** Available records follows **
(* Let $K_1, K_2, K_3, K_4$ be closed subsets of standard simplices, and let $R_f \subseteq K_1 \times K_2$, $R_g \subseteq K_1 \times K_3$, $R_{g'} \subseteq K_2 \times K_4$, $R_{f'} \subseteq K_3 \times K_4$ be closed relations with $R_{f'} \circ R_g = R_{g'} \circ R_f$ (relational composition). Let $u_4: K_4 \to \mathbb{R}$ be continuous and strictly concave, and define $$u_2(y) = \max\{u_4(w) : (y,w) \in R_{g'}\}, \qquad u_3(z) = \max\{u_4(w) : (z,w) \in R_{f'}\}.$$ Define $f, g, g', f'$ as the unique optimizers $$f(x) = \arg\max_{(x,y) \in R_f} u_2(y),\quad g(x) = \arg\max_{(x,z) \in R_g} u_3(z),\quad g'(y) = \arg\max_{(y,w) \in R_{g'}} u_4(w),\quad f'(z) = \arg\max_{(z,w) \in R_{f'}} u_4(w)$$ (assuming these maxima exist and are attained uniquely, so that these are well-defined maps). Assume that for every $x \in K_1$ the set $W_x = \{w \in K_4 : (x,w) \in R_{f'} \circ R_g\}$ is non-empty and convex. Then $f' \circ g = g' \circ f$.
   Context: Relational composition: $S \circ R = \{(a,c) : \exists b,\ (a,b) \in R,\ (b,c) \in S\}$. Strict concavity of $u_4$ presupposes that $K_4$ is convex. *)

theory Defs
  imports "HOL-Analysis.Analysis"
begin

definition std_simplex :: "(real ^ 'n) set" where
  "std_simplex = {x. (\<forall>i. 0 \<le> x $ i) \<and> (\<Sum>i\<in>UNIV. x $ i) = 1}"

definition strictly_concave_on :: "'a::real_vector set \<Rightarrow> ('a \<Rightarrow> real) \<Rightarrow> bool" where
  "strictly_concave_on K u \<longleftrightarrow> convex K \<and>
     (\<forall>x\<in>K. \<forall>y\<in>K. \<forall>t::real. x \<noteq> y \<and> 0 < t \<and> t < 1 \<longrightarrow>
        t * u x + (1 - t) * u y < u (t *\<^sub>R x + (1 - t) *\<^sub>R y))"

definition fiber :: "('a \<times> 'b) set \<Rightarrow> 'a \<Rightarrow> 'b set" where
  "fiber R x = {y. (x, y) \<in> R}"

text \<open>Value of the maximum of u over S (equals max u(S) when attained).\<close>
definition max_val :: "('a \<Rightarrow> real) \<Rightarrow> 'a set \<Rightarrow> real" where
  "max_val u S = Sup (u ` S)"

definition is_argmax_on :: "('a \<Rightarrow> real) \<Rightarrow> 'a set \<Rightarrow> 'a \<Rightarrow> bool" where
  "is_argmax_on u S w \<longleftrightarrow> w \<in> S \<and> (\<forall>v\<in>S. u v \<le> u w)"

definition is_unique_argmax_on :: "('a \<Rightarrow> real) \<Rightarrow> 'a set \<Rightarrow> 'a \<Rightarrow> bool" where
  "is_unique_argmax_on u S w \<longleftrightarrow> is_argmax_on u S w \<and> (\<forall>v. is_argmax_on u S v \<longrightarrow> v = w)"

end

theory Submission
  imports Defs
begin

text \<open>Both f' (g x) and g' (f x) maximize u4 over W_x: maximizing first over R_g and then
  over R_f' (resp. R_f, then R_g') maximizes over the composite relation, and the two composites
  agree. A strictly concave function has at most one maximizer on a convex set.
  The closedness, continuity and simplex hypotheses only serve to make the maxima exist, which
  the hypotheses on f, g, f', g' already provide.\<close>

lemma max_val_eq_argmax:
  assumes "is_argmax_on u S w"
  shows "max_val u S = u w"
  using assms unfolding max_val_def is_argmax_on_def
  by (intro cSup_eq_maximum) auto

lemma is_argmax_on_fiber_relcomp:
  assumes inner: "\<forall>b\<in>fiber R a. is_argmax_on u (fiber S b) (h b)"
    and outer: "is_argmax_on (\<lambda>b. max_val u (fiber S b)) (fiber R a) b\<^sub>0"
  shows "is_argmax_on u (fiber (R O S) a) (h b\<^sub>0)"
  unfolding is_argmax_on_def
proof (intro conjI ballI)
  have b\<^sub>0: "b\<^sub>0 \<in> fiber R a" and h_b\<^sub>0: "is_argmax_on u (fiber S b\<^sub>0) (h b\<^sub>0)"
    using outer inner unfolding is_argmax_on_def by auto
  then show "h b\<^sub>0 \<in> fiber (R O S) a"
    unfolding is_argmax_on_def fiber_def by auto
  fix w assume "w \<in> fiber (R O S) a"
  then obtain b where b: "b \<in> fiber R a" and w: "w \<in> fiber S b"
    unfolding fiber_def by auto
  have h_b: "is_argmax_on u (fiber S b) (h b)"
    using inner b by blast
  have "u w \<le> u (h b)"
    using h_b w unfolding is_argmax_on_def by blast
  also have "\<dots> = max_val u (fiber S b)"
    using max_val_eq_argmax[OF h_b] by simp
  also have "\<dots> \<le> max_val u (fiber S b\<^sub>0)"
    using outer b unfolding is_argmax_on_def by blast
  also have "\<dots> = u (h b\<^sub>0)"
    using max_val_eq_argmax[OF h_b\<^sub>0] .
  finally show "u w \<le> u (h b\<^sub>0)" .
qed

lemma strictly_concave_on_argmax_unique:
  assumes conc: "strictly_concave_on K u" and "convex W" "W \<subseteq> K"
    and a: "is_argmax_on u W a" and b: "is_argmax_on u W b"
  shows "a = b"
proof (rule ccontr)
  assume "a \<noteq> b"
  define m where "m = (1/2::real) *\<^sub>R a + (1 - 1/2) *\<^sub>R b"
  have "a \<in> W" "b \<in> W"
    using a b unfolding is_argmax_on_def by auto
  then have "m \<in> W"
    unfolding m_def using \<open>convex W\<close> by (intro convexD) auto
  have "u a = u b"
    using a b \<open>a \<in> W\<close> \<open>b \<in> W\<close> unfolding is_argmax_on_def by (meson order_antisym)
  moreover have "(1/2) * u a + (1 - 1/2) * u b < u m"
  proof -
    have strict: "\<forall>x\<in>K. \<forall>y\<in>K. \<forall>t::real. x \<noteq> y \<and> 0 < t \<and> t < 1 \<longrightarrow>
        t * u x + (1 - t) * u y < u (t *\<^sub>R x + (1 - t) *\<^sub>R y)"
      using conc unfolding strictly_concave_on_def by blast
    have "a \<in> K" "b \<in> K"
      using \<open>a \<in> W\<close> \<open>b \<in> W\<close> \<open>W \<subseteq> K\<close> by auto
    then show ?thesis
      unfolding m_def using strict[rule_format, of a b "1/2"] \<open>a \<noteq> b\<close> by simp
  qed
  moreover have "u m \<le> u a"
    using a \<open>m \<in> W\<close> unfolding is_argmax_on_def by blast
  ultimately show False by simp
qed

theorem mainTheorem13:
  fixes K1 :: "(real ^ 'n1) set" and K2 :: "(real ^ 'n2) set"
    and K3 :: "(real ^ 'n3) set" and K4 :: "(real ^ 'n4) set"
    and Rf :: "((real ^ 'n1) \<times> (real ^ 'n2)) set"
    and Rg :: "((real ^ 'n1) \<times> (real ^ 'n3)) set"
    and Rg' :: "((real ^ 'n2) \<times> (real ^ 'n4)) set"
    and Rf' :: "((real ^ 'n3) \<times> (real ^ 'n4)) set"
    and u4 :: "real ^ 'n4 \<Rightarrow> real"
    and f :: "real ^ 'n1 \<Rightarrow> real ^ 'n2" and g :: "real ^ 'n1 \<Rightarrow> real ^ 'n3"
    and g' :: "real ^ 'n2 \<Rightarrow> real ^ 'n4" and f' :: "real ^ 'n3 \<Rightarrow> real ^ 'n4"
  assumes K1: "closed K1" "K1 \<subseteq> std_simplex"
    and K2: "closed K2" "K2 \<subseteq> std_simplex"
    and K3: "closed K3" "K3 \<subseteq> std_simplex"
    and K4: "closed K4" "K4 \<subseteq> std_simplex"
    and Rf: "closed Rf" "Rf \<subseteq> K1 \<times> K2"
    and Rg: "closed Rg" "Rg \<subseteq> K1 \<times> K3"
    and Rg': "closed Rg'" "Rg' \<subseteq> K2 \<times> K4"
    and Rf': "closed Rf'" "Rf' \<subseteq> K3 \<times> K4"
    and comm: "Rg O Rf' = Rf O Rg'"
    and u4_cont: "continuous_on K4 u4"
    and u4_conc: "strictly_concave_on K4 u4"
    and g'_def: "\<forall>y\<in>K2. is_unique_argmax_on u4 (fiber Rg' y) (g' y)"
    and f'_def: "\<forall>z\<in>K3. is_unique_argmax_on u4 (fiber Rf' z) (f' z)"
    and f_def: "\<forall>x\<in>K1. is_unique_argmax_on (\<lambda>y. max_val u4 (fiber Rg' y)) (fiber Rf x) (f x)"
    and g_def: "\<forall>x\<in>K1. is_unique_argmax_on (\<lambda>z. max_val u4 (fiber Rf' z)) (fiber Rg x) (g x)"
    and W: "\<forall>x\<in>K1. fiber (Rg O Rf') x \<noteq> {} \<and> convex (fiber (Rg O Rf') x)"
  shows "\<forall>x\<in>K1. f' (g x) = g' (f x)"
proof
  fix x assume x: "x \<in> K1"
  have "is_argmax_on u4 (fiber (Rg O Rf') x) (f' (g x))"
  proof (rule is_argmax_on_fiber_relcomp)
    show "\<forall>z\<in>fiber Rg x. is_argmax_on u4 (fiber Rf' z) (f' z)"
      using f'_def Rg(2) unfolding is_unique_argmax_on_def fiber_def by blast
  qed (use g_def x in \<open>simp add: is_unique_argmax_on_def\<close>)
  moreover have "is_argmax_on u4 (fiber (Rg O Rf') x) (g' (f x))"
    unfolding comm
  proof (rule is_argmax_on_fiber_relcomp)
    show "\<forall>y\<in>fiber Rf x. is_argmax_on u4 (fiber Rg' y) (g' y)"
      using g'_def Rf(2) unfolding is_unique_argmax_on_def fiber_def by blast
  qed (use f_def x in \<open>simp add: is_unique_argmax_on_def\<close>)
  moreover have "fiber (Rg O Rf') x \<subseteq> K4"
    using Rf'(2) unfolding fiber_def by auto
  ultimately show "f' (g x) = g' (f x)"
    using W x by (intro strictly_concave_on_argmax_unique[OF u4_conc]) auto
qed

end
** End of Available records **
Work item: Which lines of the data contain the word "longrightarrow"? Copy each one.

Solution to this exercise:
     (\<forall>x\<in>K. \<forall>y\<in>K. \<forall>t::real. x \<noteq> y \<and> 0 < t \<and> t < 1 \<longrightarrow>
  "is_unique_argmax_on u S w \<longleftrightarrow> is_argmax_on u S w \<and> (\<forall>v. is_argmax_on u S v \<longrightarrow> v = w)"
    have strict: "\<forall>x\<in>K. \<forall>y\<in>K. \<forall>t::real. x \<noteq> y \<and> 0 < t \<and> t < 1 \<longrightarrow>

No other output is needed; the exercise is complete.